MarketWatch tells us, "Want 5% yields? After Fed hike, it may be time to ditch high-yield savings accounts for money-market funds." The article says, "People focused on saving cash are poised to get another boost from the Federal Reserve on Wednesday as the central bank delivers another interest-rate hike. Even so, rising interest rates have not been lifting all accounts equally. The Fed raised the benchmark rate by 25 basis points to 5.25%-5.50%, the highest rate in 22 years. It marks the 11th rate hike of the Fed's last 12 meetings. Many high-yield savings accounts now have annual percentage yields of around 4%, up from an average of approximately 0.5% in March 2022, according to DepositAccounts.com, a platform that compares rates in U.S. savings accounts." It explains, "However, yields for many money-market mutual funds are now hovering at 5%, up from an average of 0.43% in March 2022, according to Crane Data, which tracks the industry. The seven-day yields for many money-market funds should hit the 5% mark as early as this weekend as the funds start absorbing the rate hike, according to Peter Crane, president and publisher of Crane Data. Money market funds -- low-risk mutual funds composed of holdings like high-quality government debt, repurchase agreements and corporate debt -- have swelled in size. On Tuesday, total assets in the funds hit a record-breaking $5.9 trillion, up $5.2 trillion at the end of 2022, according to Crane. The assets in funds geared at retail investors hit $1.97 trillion, up more than 20% year to date, Crane said. The mutual funds for institutional investors climbed to $3.81 trillion, up 10% over the same time period. 'Retail has been where the action has been over the last year,' Crane said. `The spread between deposit rates and money-market fund yields 'are finally big enough to make it worth moving,' he said." The MarketWatch piece asks, "So is it worth pulling money from high-yield savings accounts to chase even higher yields in money-market funds? Money-market funds have less liquidity, slightly higher risk -- hence the higher yield, experts say. Isabel Barrow, director, financial planning at Edelman Financial Engines, said yield is important, but it's not everything. Federal Deposit Insurance Corp. currently insures bank deposits up to $250,000 per account, while money-market funds are not covered by FDIC insurance, she said."
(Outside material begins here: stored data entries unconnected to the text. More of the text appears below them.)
(* Let $\widehat G$ be a countable discrete abelian group, $m$ a probability measure on $\widehat G$ with $m(\{\chi\})>0$ for all $\chi$, and $m^{\mathbf D}$ the product measure on $\widehat G^{\mathbf D}$. For $g,g'\in\widehat G_{fr}$, the measures $g_*m^{\mathbf D}$ and $g'_*m^{\mathbf D}$ are mutually singular if and only if there exists $d\in\mathbf D$ with $g(d)_*m\ne g'(d)_*m$; otherwise they are equal. If $\widehat G$ is torsion free, then the measures $g_*m^{\mathbf D}$, $g\in\widehat G_{fr}$, are pairwise mutually singular (for distinct $g$).
   Context: $\mathbf D=\{a/2^n:n\ge1,0\le a\le2^n-1\}\subset[0,1)$. A standard dyadic partition (s.d.p.) is $0=d_1<\dots<d_{n+1}=1$ with each $(d_j,d_{j+1})$ of the form $(a/2^k,(a+1)/2^k)$. $\widehat G_{fr}$ is the group (pointwise multiplication) of maps $g:\mathbf D\to\widehat G$ for which there is an s.d.p. such that $g$ is constant on each $[d_j,d_{j+1})\cap\mathbf D$. $\widehat G_{fr}$ acts on $\widehat G^{\mathbf D}$ by $(gy)(d)=g(d)y(d)$, and $g_*m^{\mathbf D}$ is the pushforward of $m^{\mathbf D}$ under $y\mapsto gy$; for $\chi\in\widehat G$, $\chi_*m$ is the pushforward of $m$ under translation by $\chi$. *)

theory Defs
  imports "HOL-Probability.Probability"
begin

definition dyadics :: "real set" where
  "dyadics = {real a / 2 ^ n | a n. 1 \<le> n \<and> a \<le> 2 ^ n - 1}"

definition std_dyadic_partition :: "real list \<Rightarrow> bool" where
  "std_dyadic_partition ds \<longleftrightarrow>
     2 \<le> length ds \<and> ds ! 0 = 0 \<and> last ds = 1 \<and>
     (\<forall>j. j + 1 < length ds \<longrightarrow> ds ! j < ds ! (j + 1) \<and>
        (\<exists>a k::nat. ds ! j = real a / 2 ^ k \<and> ds ! (j + 1) = (real a + 1) / 2 ^ k))"

definition Gfr :: "(real \<Rightarrow> 'g) set" where
  "Gfr = {g. g \<in> extensional dyadics \<and>
          (\<exists>ds. std_dyadic_partition ds \<and>
             (\<forall>j. j + 1 < length ds \<longrightarrow>
                (\<exists>c. \<forall>d\<in>dyadics. ds ! j \<le> d \<and> d < ds ! (j + 1) \<longrightarrow> g d = c)))}"

definition prodD :: "'g measure \<Rightarrow> (real \<Rightarrow> 'g) measure" where
  "prodD m = PiM dyadics (\<lambda>_. m)"

text \<open>Push-forward g_* m^D under y \<mapsto> g y, (g y)(d) = g(d) y(d) (group written additively).\<close>
definition push_fr :: "(real \<Rightarrow> 'g::ab_group_add) \<Rightarrow> 'g measure \<Rightarrow> (real \<Rightarrow> 'g) measure" where
  "push_fr g m = distr (prodD m) (prodD m) (\<lambda>y. \<lambda>d\<in>dyadics. g d + y d)"

definition translate :: "'g::ab_group_add \<Rightarrow> 'g measure \<Rightarrow> 'g measure" where
  "translate c m = distr m m (\<lambda>x. c + x)"

definition mutually_singular :: "'a measure \<Rightarrow> 'a measure \<Rightarrow> bool" where
  "mutually_singular M N \<longleftrightarrow>
     (\<exists>A \<in> sets M. A \<in> sets N \<and> emeasure M A = 0 \<and> emeasure N (space N - A) = 0)"

definition torsion_free :: "'g::ab_group_add itself \<Rightarrow> bool" where
  "torsion_free _ \<longleftrightarrow> (\<forall>(x::'g) (n::nat). 0 < n \<longrightarrow> (\<Sum>i<n. x) = 0 \<longrightarrow> x = 0)"

end

(*
  Translating coordinatewise, g_* m^D is the product of the translates g(d)_* m,
  so equal translates give equal measures.  If the translates differ at d, note that g and g'
  are both constant on [d, h) for some h > d, an interval containing infinitely many dyadics.
  Projecting onto these coordinates maps the two measures to infinite i.i.d. products of two
  different laws P and Q.  Choose A with P A \<noteq> Q A: by Hoeffding's inequality and
  Borel-Cantelli, the empirical frequency of A converges almost surely to P A under the first
  product and to Q A under the second, so the two products, and hence the original measures,
  are mutually singular.  In a torsion-free group, c_* m = c'_* m with c \<noteq> c' would give the
  infinitely many distinct points n (c - c') all the same positive mass m {0}.
*)
theory Submission
  imports Defs "HOL-Probability.Hoeffding"
begin

lemma indep_vars_PiM_components:
  assumes M: "\<And>i. i \<in> I \<Longrightarrow> prob_space (M i)"
  shows "prob_space.indep_vars (PiM I M) M (\<lambda>i \<omega>. \<omega> i) I"
proof -
  interpret prob_space "PiM I M" by (rule prob_space_PiM) (use M in auto)
  show ?thesis
  proof (cases "I = {}")
    case True
    then show ?thesis unfolding indep_vars_def indep_sets_def by simp
  next
    case False
    have "distr (PiM I M) (PiM I M) (\<lambda>\<omega>. \<lambda>i\<in>I. \<omega> i) = PiM I M"
      by (subst distr_cong[where g = "\<lambda>\<omega>. \<omega>", OF refl refl]) (auto simp: space_PiM)
    with False M show ?thesis
      by (subst indep_vars_iff_distr_eq_PiM') (auto intro!: PiM_cong simp: distr_PiM_component)
  qed
qed

lemma distr_PiM_coordinatewise:
  assumes M: "\<And>i. i \<in> I \<Longrightarrow> prob_space (M i)"
    and f: "\<And>i. i \<in> I \<Longrightarrow> f i \<in> measurable (M i) (N i)"
  shows "distr (PiM I M) (PiM I N) (\<lambda>\<omega>. \<lambda>i\<in>I. f i (\<omega> i)) = PiM I (\<lambda>i. distr (M i) (N i) (f i))"
    (is "distr ?M ?N ?f = PiM I ?D")
proof (rule measure_eqI_PiM_infinite[symmetric, where M = ?D])
  have f_meas: "?f \<in> measurable ?M ?N"
  proof (rule measurable_PiM_single')
    fix i assume i: "i \<in> I"
    have "(\<lambda>\<omega>. \<omega> i) \<in> measurable ?M (M i)" using i by simp
    with f[OF i] i show "(\<lambda>\<omega>. ?f \<omega> i) \<in> measurable ?M (N i)" by (simp add: measurable_compose)
  qed (use f in \<open>auto simp: space_PiM PiE_iff intro: measurable_space\<close>)
  show "sets (distr ?M ?N ?f) = sets (PiM I ?D)" by (simp cong: sets_PiM_cong)
  interpret prob_space "PiM I ?D"
    by (rule prob_space_PiM) (use M f in \<open>auto intro: prob_space.prob_space_distr\<close>)
  show "finite_measure (PiM I ?D)" by unfold_locales
  fix J A assume J: "finite J" "J \<subseteq> I" and A: "\<And>i. i \<in> J \<Longrightarrow> A i \<in> sets (?D i)"
  have "PiM I ?D (prod_emb I ?D J (Pi\<^sub>E J A))
      = (\<Prod>i\<in>J. emeasure (M i) (f i -` A i \<inter> space (M i)))"
    using J A M f by (subst emeasure_PiM_emb)
      (auto intro: prob_space.prob_space_distr intro!: prod.cong simp: emeasure_distr)
  also have "\<dots> = ?M (prod_emb I M J (\<Pi>\<^sub>E i\<in>J. f i -` A i \<inter> space (M i)))"
    using J A M f by (subst emeasure_PiM_emb) auto
  also have "prod_emb I M J (\<Pi>\<^sub>E i\<in>J. f i -` A i \<inter> space (M i))
      = ?f -` prod_emb I ?D J (Pi\<^sub>E J A) \<inter> space ?M"
  proof (intro set_eqI iffI)
    fix \<omega> assume "\<omega> \<in> prod_emb I M J (\<Pi>\<^sub>E i\<in>J. f i -` A i \<inter> space (M i))"
    with J measurable_space[OF f] show "\<omega> \<in> ?f -` prod_emb I ?D J (Pi\<^sub>E J A) \<inter> space ?M"
      by (auto simp: prod_emb_def space_PiM PiE_iff)
  next
    fix \<omega> assume "\<omega> \<in> ?f -` prod_emb I ?D J (Pi\<^sub>E J A) \<inter> space ?M"
    with J show "\<omega> \<in> prod_emb I M J (\<Pi>\<^sub>E i\<in>J. f i -` A i \<inter> space (M i))"
      by (auto simp: prod_emb_def space_PiM PiE_iff subset_eq)
  qed
  also have "?M \<dots> = distr ?M ?N ?f (prod_emb I ?D J (Pi\<^sub>E J A))"
  proof -
    have "prod_emb I ?D J (Pi\<^sub>E J A) \<in> sets (PiM I ?D)"
      by (rule sets_PiM_I) (use J A in auto)
    also have "sets (PiM I ?D) = sets ?N" by (rule sets_PiM_cong) auto
    finally show ?thesis by (rule emeasure_distr[OF f_meas, symmetric])
  qed
  finally show "PiM I ?D (prod_emb I ?D J (Pi\<^sub>E J A))
      = distr ?M ?N ?f (prod_emb I ?D J (Pi\<^sub>E J A))" .
qed simp

section \<open>Mutual singularity of infinite i.i.d. products\<close>

lemma mutually_singular_vimage:
  assumes sets_eq: "sets M = sets N" and f: "f \<in> measurable M K"
    and "mutually_singular (distr M K f) (distr N K f)"
  shows "mutually_singular M N"
proof -
  obtain A where A: "A \<in> sets K" "emeasure (distr M K f) A = 0"
    "emeasure (distr N K f) (space K - A) = 0"
    using assms(3) by (auto simp: mutually_singular_def)
  have f': "f \<in> measurable N K" using f by (simp add: measurable_cong_sets[OF sets_eq refl])
  have space_eq: "space M = space N" by (rule sets_eq_imp_space_eq[OF sets_eq])
  have "space N - (f -` A \<inter> space M) = f -` (space K - A) \<inter> space N"
    using measurable_space[OF f'] space_eq by auto
  with A f f' show ?thesis
    unfolding mutually_singular_def sets_eq
    by (intro bexI[of _ "f -` A \<inter> space M"]) (auto simp: emeasure_distr space_eq)
qed

lemma not_mutually_singular_self:
  assumes "emeasure M (space M) \<noteq> 0"
  shows "\<not> mutually_singular M M"
proof
  assume "mutually_singular M M"
  then obtain A where "A \<in> sets M" "emeasure M A = 0" "emeasure M (space M - A) = 0"
    by (auto simp: mutually_singular_def)
  then have "emeasure M (space M) = 0"
    by (metis emeasure_Diff_null_set null_setsI sets.top)
  with assms show False ..
qed

definition empirical_freq :: "'a set \<Rightarrow> nat \<Rightarrow> (nat \<Rightarrow> 'a) \<Rightarrow> real" where
  "empirical_freq A n \<omega> = (\<Sum>i<n. indicator A (\<omega> i)) / n"

lemma measurable_empirical_freq [measurable]:
  assumes [measurable]: "A \<in> sets P"
  shows "empirical_freq A n \<in> borel_measurable (PiM UNIV (\<lambda>_::nat. P))"
  unfolding empirical_freq_def by measurable

lemma PiM_iid_empirical_freq_deviation:
  assumes P: "prob_space P" and A: "A \<in> sets P" and \<epsilon>: "\<epsilon> \<ge> 0"
  shows "measure (PiM UNIV (\<lambda>_::nat. P))
           {\<omega> \<in> space (PiM UNIV (\<lambda>_. P)). \<epsilon> \<le> \<bar>empirical_freq A n \<omega> - measure P A\<bar>}
         \<le> 2 * exp (- 2 * n * \<epsilon>\<^sup>2)"
proof -
  let ?Q = "PiM UNIV (\<lambda>_::nat. P)"
  interpret Q: prob_space ?Q by (rule prob_space_PiM) (use P in auto)
  define X where "X = (\<lambda>(i::nat) \<omega>. indicator A (\<omega> i) :: real)"
  have [measurable]: "X i \<in> borel_measurable ?Q" for i
    unfolding X_def using A by measurable
  have distr_X: "distr ?Q borel (X i) = distr P borel (indicator A)" for i
    using distr_distr[of "indicator A :: _ \<Rightarrow> real" P borel "\<lambda>\<omega>. \<omega> i" ?Q]
      distr_PiM_component[of UNIV "\<lambda>_. P" i] A P
    by (simp add: X_def o_def)
  have "Q.indep_vars (\<lambda>_. borel) X UNIV"
    unfolding X_def
    by (rule Q.indep_vars_compose2[OF indep_vars_PiM_components]) (use P A in auto)
  then interpret H: Hoeffding_ineq_iid ?Q "{..<n}" X "X 0" 0 1 "Q.expectation (X 0)"
  proof unfold_locales
    show "AE \<omega> in ?Q. X 0 \<omega> \<in> {0..1}" by (simp add: X_def)
  qed (auto intro: Q.indep_vars_subset simp: distr_X)
  have "Q.expectation (X 0) = integral\<^sup>L (distr ?Q P (\<lambda>\<omega>. \<omega> 0)) (indicator A)"
    unfolding X_def using A by (subst integral_distr) auto
  also have "distr ?Q P (\<lambda>\<omega>. \<omega> 0) = P"
    by (rule distr_PiM_component) (use P in auto)
  also have "integral\<^sup>L P (indicator A) = measure P A"
    using A by simp
  finally have mean: "Q.expectation (X 0) = measure P A" .
  show ?thesis
  proof (cases "n = 0")
    case True
    then show ?thesis using Q.prob_le_1 by (simp add: order.trans[OF _ one_le_numeral])
  next
    case False
    then have "{..<n} \<noteq> {}" by auto
    with H.Hoeffding_ineq_abs_ge'[OF \<epsilon> zero_less_one] mean show ?thesis
      by (simp add: X_def empirical_freq_def)
  qed
qed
The Federal Reserve's Open Market Committee raised short-term interest rates for the 11th time in the past year and half Wednesday, bringing its Federal funds rate target up a quarter-point to a range of 5.25-5.50%. The release, entitled, "Federal Reserve issues FOMC statement," tells us, "Recent indicators suggest that economic activity has been expanding at a moderate pace. Job gains have been robust in recent months, and the unemployment rate has remained low. Inflation remains elevated. The U.S. banking system is sound and resilient. Tighter credit conditions for households and businesses are likely to weigh on economic activity, hiring, and inflation. The extent of these effects remains uncertain. The Committee remains highly attentive to inflation risks." It explains, "The Committee seeks to achieve maximum employment and inflation at the rate of 2 percent over the longer run. In support of these goals, the Committee decided to raise the target range for the federal funds rate to 5-1/4 to 5-1/2 percent. The Committee will continue to assess additional information and its implications for monetary policy. In determining the extent of additional policy firming that may be appropriate to return inflation to 2 percent over time, the Committee will take into account the cumulative tightening of monetary policy, the lags with which monetary policy affects economic activity and inflation, and economic and financial developments. In addition, the Committee will continue reducing its holdings of Treasury securities and agency debt and agency mortgage-backed securities, as described in its previously announced plans. The Committee is strongly committed to returning inflation to its 2 percent objective." The FOMC statement adds, "In assessing the appropriate stance of monetary policy, the Committee will continue to monitor the implications of incoming information for the economic outlook. The Committee would be prepared to adjust the stance of monetary policy as appropriate if risks emerge that could impede the attainment of the Committee's goals. The Committee's assessments will take into account a wide range of information, including readings on labor market conditions, inflation pressures and inflation expectations, and financial and international developments." We expect money fund yields to move higher in coming days as funds digest this most recent move.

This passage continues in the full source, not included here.